Judge Grudgingly Awards $3.6 Million In DRM Circumvention Case 227
Fluffeh writes "The case involves an online game, MapleStory, and some people who set up an alternate server, UMaple, allowing users to play the game with the official game client, but without logging into the official MapleStory servers. In this case, the people behind UMaple apparently ignored the lawsuit, leading to a default judgment. Although annoyed with MapleStory (The Judge knocked down a request for $68,764.23 — in profits made by UMaple — down to just $398.98), the law states a minimum of $200 per infringement. Multiply that by 17,938 users of UMaple... and you get $3.6 million. In fact, it sounds like the court would very much like to decrease the amount, but notes that 'nevertheless, the court is powerless to deviate from the DMCA's statutory minimum.' Eric Goldman also has some further op-ed and information regarding the case and judgement."
Re:Seems partly justified (Score:5, Interesting)
of course i am not a lawyer...but i think a good lawyer could get the amount reduced. They would argue that there was only 1 infringement, not 17k. they only made 1 copy on their server and so should only owe $200, they did not make a copy for each user that connected, which the fine amounts to.

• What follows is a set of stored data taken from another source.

text \<open>Player A follows \<open>L\<close> on the restriction of the actual play to \<open>R\<close>; B's moves outside
  \<open>R\<close> are seen as passes, and only add stones to the actual configuration.\<close>

definition follow_positions :: "nat \<Rightarrow> cell set \<Rightarrow> move list set \<Rightarrow> strategy" where
  "follow_positions k R L h = (let p = map (restrict_move k R) h in
     if \<exists>m\<in>moves_in k R. p @ [m] \<in> L then SOME m. m \<in> moves_in k R \<and> p @ [m] \<in> L else Pass)"

lemma follow_positions_invariant:
  fixes sB :: strategy
  assumes closed: "closed_positions s k d F R L" and "[] \<in> L"
  defines "H \<equiv> history s (follow_positions k R L) sB"
  shows "(\<exists>j\<le>i. pattern_occurs d F (config_of k d (H j))) \<or> map (restrict_move k R) (H i) \<in> L"
proof (induction i)
  case 0
  then show ?case using \<open>[] \<in> L\<close> by (simp add: H_def)
next
  case (Suc i)
  let ?p = "map (restrict_move k R) (H i)"
  show ?case
  proof (cases "\<exists>j\<le>i. pattern_occurs d F (config_of k d (H j))")
    case True
    then show ?thesis using le_SucI by blast
  next
    case False
    with Suc.IH have p: "?p \<in> L" by blast
    have "\<not> pattern_occurs d F (config_of k d ?p)"
      using False pattern_occurs_mono[of d F "config_of k d ?p" "config_of k d (H i)"]
      by (auto simp: config_of_restrict_move map_le_def)
    then have "(s i = PlA \<and> (\<exists>m\<in>moves_in k R. ?p @ [m] \<in> L)) \<or>
        (s i = PlB \<and> (\<forall>m\<in>moves_in k R. ?p @ [m] \<in> L))"
      using closed p unfolding closed_positions_def closed_at_def by (metis length_history length_map H_def)
    then show ?thesis
    proof
      assume A: "s i = PlA \<and> (\<exists>m\<in>moves_in k R. ?p @ [m] \<in> L)"
      then have ex: "\<exists>m. m \<in> moves_in k R \<and> ?p @ [m] \<in> L" by blast
      have "follow_positions k R L (H i) = (SOME m. m \<in> moves_in k R \<and> ?p @ [m] \<in> L)"
        using A unfolding follow_positions_def Let_def by simp
      then have "follow_positions k R L (H i) \<in> moves_in k R \<and> ?p @ [follow_positions k R L (H i)] \<in> L"
        using someI_ex[OF ex] by simp
      then show ?thesis using A by (simp add: H_def restrict_move_eq)
    next
      assume "s i = PlB \<and> (\<forall>m\<in>moves_in k R. ?p @ [m] \<in> L)"
      then show ?thesis by (simp add: H_def restrict_move_in_moves_in)
    qed
  qed
qed

theorem winning_strategy_of_closed_positions:
  assumes "finite L" and "[] \<in> L" and "closed_positions s k d F R L"
  shows "A_has_winning_strategy k d F s"
  unfolding A_has_winning_strategy_def
proof (intro exI allI)
  fix sB
  let ?H = "history s (follow_positions k R L) sB"
  define N where "N = Suc (Max (length ` L))"
  have "map (restrict_move k R) (?H N) \<notin> L"
  proof
    assume "map (restrict_move k R) (?H N) \<in> L"
    then have "N \<le> Max (length ` L)"
      using \<open>finite L\<close> by (metis Max_ge finite_imageI image_eqI length_history length_map)
    then show False by (simp add: N_def)
  qed
  then show "A_wins_play k d F s (follow_positions k R L) sB"
    using follow_positions_invariant[OF assms(3,2), where sB=sB and i=N]
    unfolding A_wins_play_def pattern_occurs_def by blast
qed
lemma bid_rounds_winners_nth_subset:
  assumes "k < card T"
  shows "bid_rounds (assignment c) (winners c ! k) \<subseteq> {1..Suc k}"
proof -
  obtain s t where w: "winners c ! k = {s, t}" and s: "s \<in> R \<union> assigned_after c k"
    and "assignment_after c (Suc k) = (assignment_after c k)(t := Suc k)"
    using auction_round_Suc[of c k] auction_rounds_invariant[of k c] assms
    by (metis less_imp_le winners_nth)
  then have "assignment c t = Suc k"
    using auction_rounds_prefix[of "Suc k" "card T" c] assms
    by (auto dest: fun_cong[of _ _ t] split: if_splits)
  moreover have "assignment c s \<le> k"
    using s assigned_after_eq[of k c] assignment_neq_0_iff[of c s] disjoint assms by auto
  ultimately show ?thesis
    unfolding w bid_rounds_doubleton by auto
qed

lemma winners_nth_eq_iff:
  assumes "i < card T" "j < card T"
  shows "winners c ! i = winners c ! j \<longleftrightarrow> i = j"
  using winners_nth_mem_bid_rounds[OF assms(1), of c] winners_nth_mem_bid_rounds[OF assms(2), of c]
    bid_rounds_winners_nth_subset[OF assms(1), of c] bid_rounds_winners_nth_subset[OF assms(2), of c]
  by fastforce

lemma auction_eq_iff_arg_min_eq:
  "auction R T c = auction R T c' \<longleftrightarrow>
    (\<forall>k<card T. (ARG_MIN c' f. f \<in> round_candidates c k) = winners c ! k)"
proof
  assume "auction R T c = auction R T c'"
  then have "winners c' = winners c" "assignment c' = assignment c"
    by (simp_all add: auction_eq)
  then show "\<forall>k<card T. (ARG_MIN c' f. f \<in> round_candidates c k) = winners c ! k"
    using winners_nth[of _ c'] assigned_after_eq[of _ c] assigned_after_eq[of _ c'] by simp
next
  assume arg_min_eq: "\<forall>k<card T. (ARG_MIN c' f. f \<in> round_candidates c k) = winners c ! k"
  have "auction_rounds R T c m = auction_rounds R T c' m" if "m \<le> card T" for m
    using that
  proof (induction m)
    case (Suc m)
    then have IH: "winners_after c' m = winners_after c m"
      "assignment_after c' m = assignment_after c m" "assigned_after c' m = assigned_after c m"
      by (simp_all add: auction_rounds_eq)
    have "(ARG_MIN c f. f \<in> round_candidates c m) = (ARG_MIN c' f. f \<in> round_candidates c m)"
      using arg_min_eq winners_nth[of m c] Suc.prems by simp
    then show ?case
      by (simp only: auction_rounds.simps auction_rounds_eq prod.case IH)
  qed simp
  then show "auction R T c = auction R T c'"
    by (simp add: auction_def)
qed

Here is the DRM circumvention. (Score:5, Interesting)
The server is not the issue here, or at least not the main one.
The part that is landing UMaple with the $3.6 million fine is that in order to make the official MapleStory client look to UMaple's server instead they had to write a little launcher app (UMaple Launcher) which would presumably do something like an in-memory edit to change the server address the client used. Possibly with a modification to some sort of handshaking protocol.
It's the technological equivalent of ignoring a 'do not enter' sign, rather than the actual bypassing of security, but sadly it still seems to count.
This launcher is the part that is being used by the 17K users, and so where the court is getting the 17K counts of infringement from.
The judge, had the power to dismiss it. (Score:5, Interesting)
But he chose not to.
Re:Here is the DRM circumvention. (Score:5, Interesting)
Comment removed (Score:4, Interesting)
The real reason the judge was annoyed (Score:5, Interesting)
Instead, Plaintiff merely submitted 252 raw pages of documents obtained through discovery without so much as a summary of the information contained in those documents or an explanation to the Court how any of the line items contained therein directly relate to Kumar’s UMaple activities.
Seems to me that's the real reason the judge wasn't feeling like awarding any more damages, not some kind of protest against the DMCA or statutory damages.
Re:Default judgment (Score:4, Interesting)
If both parties don't show up
That isn't what happened. In this case, only the defense didn't show up. Since they provided no defense, they are guilty. If both parties don't show-up then there is no evidence of a crime so common law jurisprudence requires that the judge rule in favor of the defendant.
Re:Seems partly justified (Score:4, Interesting)
And those protection methods were bypassed because they caused problems with other system processes totally unrelated to the game, to the point of system instability.
In fact, Nexon's code does some rather unethical, possibly illegal things.